In 1856, a professor at the Institut Agricole de Beauvais, Eugène Chanoine, developed a variety of potato that he named the Institut de Beauvais.

It was annexed to the Institut Catholique de Paris (ICP) in 1921.

During the two World Wars, it was requisitioned as a military hospital. The building was damaged by a terrible fire in 1939.

In 1964, the ISAB program in agricultural engineering was approved by the Commission des Titres d'Ingénieur (CTI).

The school opened its new campus in 1968, near its experimental farm.

In 1999, ISAB received authorization to award engineering degrees on an apprenticeship basis.

In 2002, a new program in Food & Health Engineering was introduced.

=== IGAL (1959–2006) ===
In 1875, Albert-Auguste de Lapparent became the first holder of the Chair in Geology and Mineralogy at the Université Catholique de Paris (which later became the Institut Catholique de Paris (ICP), founded that same year.

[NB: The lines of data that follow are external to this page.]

lemma regular_on_degree:
  assumes "regular_on t H d" "u < t"
  shows "(\<Sum>w<t. if H u w then (1::real) else 0) = real d"
proof -
  have "{w\<in>{..<t}. H u w} = {w. w < t \<and> H u w}" by auto
  then show ?thesis using assms by (simp add: sum_indicator_card regular_on_def)
qed

lemma graph_spectrum_split:
  assumes "simple_graph_on t H"
  obtains es where "char_poly (adj_matrix t H) = (\<Prod>e\<leftarrow>es. [:- e, 1:])" "length es = t"
    and "graph_spectrum t H = mset es"
proof -
  have sym: "adj_matrix t H $$ (i,j) = adj_matrix t H $$ (j,i)" if "i < t" "j < t" for i j
    using simple_graph_on_sym[OF assms that] that by simp
  obtain es where "char_poly (adj_matrix t H) = (\<Prod>e\<leftarrow>es. [:- e, 1:])" "length es = t"
    by (rule real_symmetric_char_poly_splits[OF adj_matrix_carrier sym])
  then show ?thesis
    using that by (simp add: graph_spectrum_def proots_prod_linear_factors)
qed

lemma size_graph_spectrum:
  assumes "simple_graph_on t H" shows "size (graph_spectrum t H) = t"
  by (rule graph_spectrum_split[OF assms]) (metis size_mset)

The geology and mineralogy laboratories at ICP were directed by several renowned scientists, including Albert-Auguste de Lapparent, Pierre Teilhard-de-Chardin and Albert-Félix de Lapparent.

In 1959, the Institut Géologique Albert-de-Lapparent (IGAL) was set up within the Faculté libre des Sciences at ICP.

IGAL became independent in 1978, but maintained close relations with ICP.

In 1985, IGAL was officially recognized by the French government. Both of its degree programs (General Studies and Geology) obtained official accreditation in 1994.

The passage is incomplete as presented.